Cultural Analytics is the term we coined to describe computational analysis of massive cultural and social data sets and data flows. Over last 15-10 years, cultural analytics came to structure contemporary media universe, cultural production and consumption, and cultural memory. Search engines, spam detection, Netflix and Amazon recommendations,, Flickr "interesting" photo rankings, movie success predictions, tools such as Google Books Ngram Viewer, Insights for Search, Search by Image, and and numerous other applications and services all rely on cultural analytics. This work is carried out in media industries and in academia by researchers in data mining, social computing, media computing, music information retrieval, computational linguistics, and other areas of computer science.

As humanities and social science researchers start to apply computational techniques to large data sets in their fields (see Digging Into Data 2011 competition), many questions arise. What are the new possibilities for studying culture and society made possible by "big data"? Do humanists and social scientists need to develop their own methodologies for working with big data? What is "data" in the case of interactive media? How can new computational methods can be combined with more established humanities approaches and theories? Is it possibly to study massive media sets without in-depth technical knowledge?

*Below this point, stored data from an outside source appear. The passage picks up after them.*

lemma has_graph_deriv_of_limit:
  assumes lim: "(\<lambda>n. 2 ^ n * \<phi> (the_inv_into KV \<psi> n)) \<longlonglongrightarrow> c"
    and G: "G \<in> graphs0 \<union> graphs1" and A: "symdiff G G0 \<in> graphs0 \<union> graphs1"
  shows "has_graph_deriv \<psi> (d_phi \<phi> G0) G (finite_sign (symdiff G G0) * finite_sign G * c)"
  unfolding has_graph_deriv_def
proof (rule tendstoI)
  fix \<epsilon> :: real assume "\<epsilon> > 0"
  then have "\<epsilon> / 2 > 0" by simp
  obtain N where close: "\<And>D. D \<subseteq> {e\<in>KV. N \<le> \<psi> e} \<Longrightarrow> D \<noteq> {} \<Longrightarrow>
      \<bar>infsum \<phi> D / infsum (pair_weight \<psi>) D - c\<bar> \<le> \<epsilon> / 2"
    using infsum_ratio_close_of_limit[OF lim \<open>\<epsilon> / 2 > 0\<close>] by blast
  define F where "F = {e\<in>KV. \<psi> e < N} \<union> exceptional_edges G \<union> exceptional_edges (symdiff G G0)"
  have F: "finite F" "F \<subseteq> KV"
    using finite_index_below G A unfolding F_def graphs01_iff exceptional_edges_def by auto
  define s where "s = finite_sign (symdiff G G0) * finite_sign G"
  let ?q = "\<lambda>H. (d_phi \<phi> G0 H - d_phi \<phi> G0 G) / (norm_psi2 \<psi> H - norm_psi2 \<psi> G)"
  have "\<forall>D. D \<subseteq> KV \<and> D \<inter> F = {} \<longrightarrow>
      symdiff G D \<in> graphs' - {G} \<longrightarrow> dist (?q (symdiff G D)) (s * c) < \<epsilon>"
  proof (intro allI impI)
    fix D assume D: "D \<subseteq> KV \<and> D \<inter> F = {}" "symdiff G D \<in> graphs' - {G}"
    define r where "r = infsum \<phi> D / infsum (pair_weight \<psi>) D"
    have "D \<noteq> {}" using D(2) unfolding symdiff_def by auto
    moreover have "D \<subseteq> {e\<in>KV. N \<le> \<psi> e}" using D(1) unfolding F_def by auto
    ultimately have "\<bar>r - c\<bar> \<le> \<epsilon> / 2" unfolding r_def by (intro close)
    moreover have "?q (symdiff G D) = s * r"
      unfolding s_def r_def using D(1) by (intro difference_quotient_symdiff[OF G A]) (auto simp: F_def)
    moreover have "\<bar>s\<bar> = 1" by (simp add: s_def abs_mult)
    ultimately show "dist (?q (symdiff G D)) (s * c) < \<epsilon>"
      using \<open>\<epsilon> > 0\<close> by (simp add: dist_real_def abs_mult flip: right_diff_distrib)
  qed
  moreover have "G \<subseteq> KV" using G unfolding graphs01_iff by simp
  ultimately have "eventually (\<lambda>H. H \<in> graphs' - {G} \<longrightarrow> dist (?q H) (s * c) < \<epsilon>) (graph_nhds G)"
    unfolding eventually_graph_nhds_symdiff[OF \<open>G \<subseteq> KV\<close>] using F by blast
  then show "eventually (\<lambda>H. dist (?q H) (s * c) < \<epsilon>) (inf (graph_nhds G) (principal (graphs' - {G})))"
    unfolding eventually_inf_principal .
qed

lemma infsum_ratio_close_of_has_graph_deriv:
  assumes G: "G \<in> graphs0 \<union> graphs1" and A: "symdiff G G0 \<in> graphs0 \<union> graphs1"
    and der: "has_graph_deriv \<psi> (d_phi \<phi> G0) G L" and "\<epsilon> > 0"
  obtains N where "\<And>D D'. D \<subseteq> {e\<in>KV. N \<le> \<psi> e} \<Longrightarrow> D' \<subseteq> {e\<in>KV. N \<le> \<psi> e} \<Longrightarrow>
      D \<inter> D' = {} \<Longrightarrow> infinite D \<Longrightarrow> infinite D' \<Longrightarrow>
      \<bar>infsum \<phi> D / infsum (pair_weight \<psi>) D - finite_sign (symdiff G G0) * finite_sign G * L\<bar> < \<epsilon>"
proof -
  let ?q = "\<lambda>H. (d_phi \<phi> G0 H - d_phi \<phi> G0 G) / (norm_psi2 \<psi> H - norm_psi2 \<psi> G)"
  have "G \<subseteq> KV" using G unfolding graphs01_iff by simp
  have "eventually (\<lambda>H. H \<in> graphs' - {G} \<longrightarrow> dist (?q H) L < \<epsilon>) (graph_nhds G)"
    using tendstoD[OF der[unfolded has_graph_deriv_def] \<open>\<epsilon> > 0\<close>]
    unfolding eventually_inf_principal .
  then obtain F where F: "finite F" "\<forall>D. D \<subseteq> KV \<and> D \<inter> F = {} \<longrightarrow>
      symdiff G D \<in> graphs' - {G} \<longrightarrow> dist (?q (symdiff G D)) L < \<epsilon>"
    unfolding eventually_graph_nhds_symdiff[OF \<open>G \<subseteq> KV\<close>] by blast
  define F' where "F' = F \<union> exceptional_edges G \<union> exceptional_edges (symdiff G G0)"
  have "finite (\<psi> ` F')" using F(1) G A unfolding F'_def graphs01_iff by auto
  then obtain N where N: "\<psi> ` F' \<subseteq> {..<N}" using finite_nat_bounded by blast
  show thesis
  proof (rule that)
    fix D D' assume D: "D \<subseteq> {e\<in>KV. N \<le> \<psi> e}" "D' \<subseteq> {e\<in>KV. N \<le> \<psi> e}"
      "D \<inter> D' = {}" "infinite D" "infinite D'"
    then have disj: "D \<inter> F' = {}" "D' \<inter> F' = {}" using N by fastforce+
    define r where "r = infsum \<phi> D / infsum (pair_weight \<psi>) D"
    have "symdiff G D \<in> graphs' - {G}"
      by (rule symdiff_in_graphs'[OF G _ _ _ _ D(3-5)]) (use D(1,2) disj in \<open>auto simp: F'_def\<close>)
    moreover have "D \<subseteq> KV \<and> D \<inter> F = {}" using D(1) disj(1) unfolding F'_def by auto
    ultimately have "dist (?q (symdiff G D)) L < \<epsilon>" using F(2) by simp
    moreover have "?q (symdiff G D) = finite_sign (symdiff G G0) * finite_sign G * r"
      unfolding r_def using D(1) disj(1)
      by (intro difference_quotient_symdiff[OF G A]) (auto simp: F'_def)
    ultimately have "\<bar>finite_sign (symdiff G G0) * finite_sign G * r - L\<bar> < \<epsilon>"
      by (simp add: dist_real_def)
    then show "\<bar>infsum \<phi> D / infsum (pair_weight \<psi>) D - finite_sign (symdiff G G0) * finite_sign G * L\<bar> < \<epsilon>"
      unfolding abs_finite_sign_mult_diff r_def .
  qed
qed

lemma term_close_of_infsum_ratios_close:
  assumes close: "\<And>D D'. D \<subseteq> {e\<in>KV. N \<le> \<psi> e} \<Longrightarrow> D' \<subseteq> {e\<in>KV. N \<le> \<psi> e} \<Longrightarrow>
      D \<inter> D' = {} \<Longrightarrow> infinite D \<Longrightarrow> infinite D' \<Longrightarrow>
      \<bar>infsum \<phi> D / infsum (pair_weight \<psi>) D - x\<bar> < t"
    and n: "max N 1 \<le> n"
  shows "\<bar>2 ^ n * \<phi> (the_inv_into KV \<psi> n) - x\<bar> < 3 * t"
proof -
  let ?w = "pair_weight \<psi>"
  define e where "e = the_inv_into KV \<psi> n"
  have e: "e \<in> KV" "\<psi> e = n"
    using n bij unfolding e_def
    by (auto intro: the_inv_into_into f_the_inv_into_f_bij_betw simp: bij_betw_def)
  obtain Ev Od where EvOd: "Ev \<subseteq> {e\<in>KV. n < \<psi> e}" "Od \<subseteq> {e\<in>KV. n < \<psi> e}"
    "Ev \<inter> Od = {}" "infinite Ev" "infinite Od"
    by (rule disjoint_infinite_index_sets_above)
  have "e \<notin> Ev" "insert e Ev \<inter> Od = {}" using EvOd e by auto
  have above_N: "Ev \<subseteq> {e\<in>KV. N \<le> \<psi> e}" "Od \<subseteq> {e\<in>KV. N \<le> \<psi> e}"
    "insert e Ev \<subseteq> {e\<in>KV. N \<le> \<psi> e}"
    using EvOd(1,2) e n by auto
  have sums: "infsum \<phi> (insert e Ev) = \<phi> e + infsum \<phi> Ev"
    "infsum ?w (insert e Ev) = ?w e + infsum ?w Ev"
    using EvOd(1) \<open>e \<notin> Ev\<close>
    by (auto intro!: infsum_insert summable_on_subset[OF l1_pos_imp_summable[OF l1]]
        summable_on_subset[OF pair_weight_summable])
  have close_Ev: "\<bar>infsum \<phi> Ev / infsum ?w Ev - x\<bar> < t"
    by (rule close[OF above_N(1,2) EvOd(3-5)])
  have "\<bar>infsum \<phi> (insert e Ev) / infsum ?w (insert e Ev) - x\<bar> < t"
    using close[OF above_N(3,2) \<open>insert e Ev \<inter> Od = {}\<close> _ EvOd(5)] EvOd(4) by simp
  then have close_insert: "\<bar>(\<phi> e + infsum \<phi> Ev) / (?w e + infsum ?w Ev) - x\<bar> < t"
    unfolding sums .
  obtain e' where "e' \<in> Ev" using EvOd(4) by fastforce
  then have "0 < infsum ?w Ev" using EvOd(1) by (intro pair_weight_infsum_pos) auto
  moreover have "infsum ?w Ev \<le> ?w e"
    using pair_weight_infsum_above[OF EvOd(1)] e by simp
  ultimately have "\<bar>\<phi> e / ?w e - x\<bar> < 3 * t"
    by (rule ratio_close_of_increment[OF close_Ev close_insert])
  moreover have "\<phi> e / ?w e = 2 ^ n * \<phi> (the_inv_into KV \<psi> n)"
    using e(2) unfolding e_def by (simp add: power_one_over)
  ultimately show ?thesis by simp
qed

lemma limit_of_has_graph_deriv:
  assumes G: "G \<in> graphs0 \<union> graphs1" and A: "symdiff G G0 \<in> graphs0 \<union> graphs1"
    and der: "has_graph_deriv \<psi> (d_phi \<phi> G0) G L"
  shows "(\<lambda>n. 2 ^ n * \<phi> (the_inv_into KV \<psi> n)) \<longlonglongrightarrow> finite_sign (symdiff G G0) * finite_sign G * L"
proof (rule LIMSEQ_I)
  fix \<epsilon> :: real assume "\<epsilon> > 0"
  then have "\<epsilon> / 3 > 0" by simp
  obtain N where close: "\<And>D D'. D \<subseteq> {e\<in>KV. N \<le> \<psi> e} \<Longrightarrow> D' \<subseteq> {e\<in>KV. N \<le> \<psi> e} \<Longrightarrow>
      D \<inter> D' = {} \<Longrightarrow> infinite D \<Longrightarrow> infinite D' \<Longrightarrow>
      \<bar>infsum \<phi> D / infsum (pair_weight \<psi>) D - finite_sign (symdiff G G0) * finite_sign G * L\<bar> < \<epsilon> / 3"
    using infsum_ratio_close_of_has_graph_deriv[OF G A der \<open>\<epsilon> / 3 > 0\<close>] by blast
  show "\<exists>no. \<forall>n\<ge>no. norm (2 ^ n * \<phi> (the_inv_into KV \<psi> n) - finite_sign (symdiff G G0) * finite_sign G * L) < \<epsilon>"
  proof (intro exI[of _ "max N 1"] allI impI)
    fix n assume "max N 1 \<le> n"
    from term_close_of_infsum_ratios_close[OF close this]
    show "norm (2 ^ n * \<phi> (the_inv_into KV \<psi> n) - finite_sign (symdiff G G0) * finite_sign G * L) < \<epsilon>"
      by simp
  qed
qed

lemma has_graph_deriv_d_phi_iff:
  assumes "G0 \<in> graphs0 \<union> graphs1" "symdiff G G0 \<in> graphs0 \<union> graphs1"
  shows "has_graph_deriv \<psi> (d_phi \<phi> G0) G L \<longleftrightarrow>
    (\<lambda>n. 2 ^ n * \<phi> (the_inv_into KV \<psi> n)) \<longlonglongrightarrow> finite_sign (symdiff G G0) * finite_sign G * L"
proof
  have G: "G \<in> graphs0 \<union> graphs1" by (rule graphs01_of_symdiff[OF assms(2,1)])
  show "(\<lambda>n. 2 ^ n * \<phi> (the_inv_into KV \<psi> n)) \<longlonglongrightarrow> finite_sign (symdiff G G0) * finite_sign G * L"
    if "has_graph_deriv \<psi> (d_phi \<phi> G0) G L"
    by (rule limit_of_has_graph_deriv[OF G assms(2) that])
  show "has_graph_deriv \<psi> (d_phi \<phi> G0) G L"
    if "(\<lambda>n. 2 ^ n * \<phi> (the_inv_into KV \<psi> n)) \<longlonglongrightarrow> finite_sign (symdiff G G0) * finite_sign G * L"
    using has_graph_deriv_of_limit[OF that G assms(2)] by simp
qed

end

end

theorem proposition3p7:
  fixes \<psi> :: "'v set \<Rightarrow> nat" and \<phi> :: "'v set \<Rightarrow> real" and G0 :: "'v set set"
  assumes "countable (UNIV :: 'v set)" and "infinite (UNIV :: 'v set)"
    and "bij_betw \<psi> KV {1..}"
    and "G0 \<in> graphs0 \<union> graphs1"
    and "l1_pos \<phi>"
  defines "f \<equiv> (\<lambda>G. d_phi \<phi> G0 G)"
  shows "((\<exists>c. (\<lambda>n. 2 ^ n * \<phi> (the_inv_into KV \<psi> n)) \<longlonglongrightarrow> c) \<longleftrightarrow>
           (\<exists>G\<in>graphs - {{}, KV}. symdiff G G0 \<in> graphs0 \<union> graphs1 \<and>
              (\<exists>L. has_graph_deriv \<psi> f G L))) \<and>
         (\<forall>c. ((\<lambda>n. 2 ^ n * \<phi> (the_inv_into KV \<psi> n)) \<longlonglongrightarrow> c) \<longrightarrow>
           (\<forall>G\<in>graphs - {{}, KV}. symdiff G G0 \<in> graphs0 \<union> graphs1 \<longrightarrow>
              (((G \<in> graphs0 \<and> symdiff G G0 \<in> graphs0) \<or> (G \<in> graphs1 \<and> symdiff G G0 \<in> graphs1))
                 \<longrightarrow> has_graph_deriv \<psi> f G c) \<and>
              (((G \<in> graphs0 \<and> symdiff G G0 \<in> graphs1) \<or> (G \<in> graphs1 \<and> symdiff G G0 \<in> graphs0))
                 \<longrightarrow> has_graph_deriv \<psi> f G (- c))))"
proof -
  let ?a = "\<lambda>n. 2 ^ n * \<phi> (the_inv_into KV \<psi> n)"
  have KV: "infinite (KV :: 'v set set)" by (rule infinite_KV[OF assms(3)])
  have deriv_iff: "has_graph_deriv \<psi> f G L \<longleftrightarrow> ?a \<longlonglongrightarrow> finite_sign (symdiff G G0) * finite_sign G * L"
    if "symdiff G G0 \<in> graphs0 \<union> graphs1" for G L
    unfolding f_def by (rule has_graph_deriv_d_phi_iff[OF assms(3,5,4) that])
  obtain G1 where G1: "G1 \<in> graphs - {{}, KV}" "symdiff G1 G0 \<in> graphs0 \<union> graphs1"
    by (rule exists_nontrivial_graph_symdiff_graphs01[OF KV assms(4)])
  show ?thesis
  proof (intro conjI iffI allI impI ballI)
    show "\<exists>G\<in>graphs - {{}, KV}. symdiff G G0 \<in> graphs0 \<union> graphs1 \<and> (\<exists>L. has_graph_deriv \<psi> f G L)"
      if "\<exists>c. ?a \<longlonglongrightarrow> c"
    proof -
      from that obtain c where "?a \<longlonglongrightarrow> c" ..
      then have "has_graph_deriv \<psi> f G1 (finite_sign (symdiff G1 G0) * finite_sign G1 * c)"
        using deriv_iff[OF G1(2)] by simp
      then show ?thesis using G1 by blast
    qed
    show "\<exists>c. ?a \<longlonglongrightarrow> c"
      if "\<exists>G\<in>graphs - {{}, KV}. symdiff G G0 \<in> graphs0 \<union> graphs1 \<and> (\<exists>L. has_graph_deriv \<psi> f G L)"
      using that deriv_iff by blast
    show "has_graph_deriv \<psi> f G c" if "?a \<longlonglongrightarrow> c" "symdiff G G0 \<in> graphs0 \<union> graphs1"
      "(G \<in> graphs0 \<and> symdiff G G0 \<in> graphs0) \<or> (G \<in> graphs1 \<and> symdiff G G0 \<in> graphs1)" for c G
      using that(1) deriv_iff[OF that(2)] finite_sign_mult_same_type[OF KV that(3)] by simp
    show "has_graph_deriv \<psi> f G (- c)" if "?a \<longlonglongrightarrow> c" "symdiff G G0 \<in> graphs0 \<union> graphs1"
      "(G \<in> graphs0 \<and> symdiff G G0 \<in> graphs1) \<or> (G \<in> graphs1 \<and> symdiff G G0 \<in> graphs0)" for c G
      using that(1) deriv_iff[OF that(2)] finite_sign_mult_opposite_type[OF KV that(3)] by simp
  qed
qed

end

Our research at Software Studies Initiative (established 2007) focuses on exploring such questions. We believe that they can only be productively addressed using "software studies" approach, i.e. in depth understanding of software technologies behind cultural analytics.

Our second focus is the development of methods and intuitive visual techniques for exploration and analysis of large visual data sets including images, video, and digital media. (In fact, we are the first digital humanities lab to specifically target visual media analytics.)

We created a set of open source software tools which cover all the parts of such work: data preparation, feature extraction (using digital image analysis), interactive visual exploration, and rendering of high res still and animated visualizations. Our software works on regular laptops and desktop computers, next-generation large-scale displays such as HIPerSpace visual supercomputer with the combined resolution of 42,000 x 8000 pixel. We use open-source technologies whenever possible in our development.

To date, we have already successfully applied our techniques with films, animations, video games, comics, print publications, artworks, photos, and other media content. Examples include all pages of Science and Popular Science magazines published in 1872-1922), hundreds of hours of videogame recordings, all paintings by van Gogh, and one million manga pages. For details, see the Cultural Analytics projects page; in addition, you can also find many more visualizations on Flickr and YouTube.

Our past and present collaborators include Getty Museum, Wikimedia, Austrian Film Museum, Magnum Photos, Netherlands Institute for Sound and Image and other institutions who are interested in using our methodology with their media collections. Since 2009 our work has been shown in 10 exhibitions (Graphic Design Museum, San Diego Museum of Contemporary Art, gallery@calit2, and other venues.)

Cultural Analytics research is supported by the National Science Foundation (NSF), the National Endowment for the Humanities (NEH), National Energy Research Scientific Computing Center (NERSC), University of California Humanities Research Institute (UCHRI), University of California, San Diego (UCSD), California Institute for Telecommunications and Information Technology (Calit2), and the Singapore Ministry of Education.

In summer 2011, we are releasing fully documented tools we developed as open source to make it easier for others in digital humanities to work with image data.

ImagePlot tool for exploring large image and video collection - coming this summer

We are finishing documentation and getting the last bugs out of ImagePlot, the free open-source software tool which we have been using in our lab to explore patterns in large image and video data sets.

You can find hundreds of examples of visualizations created with ImagePlot on Flickr.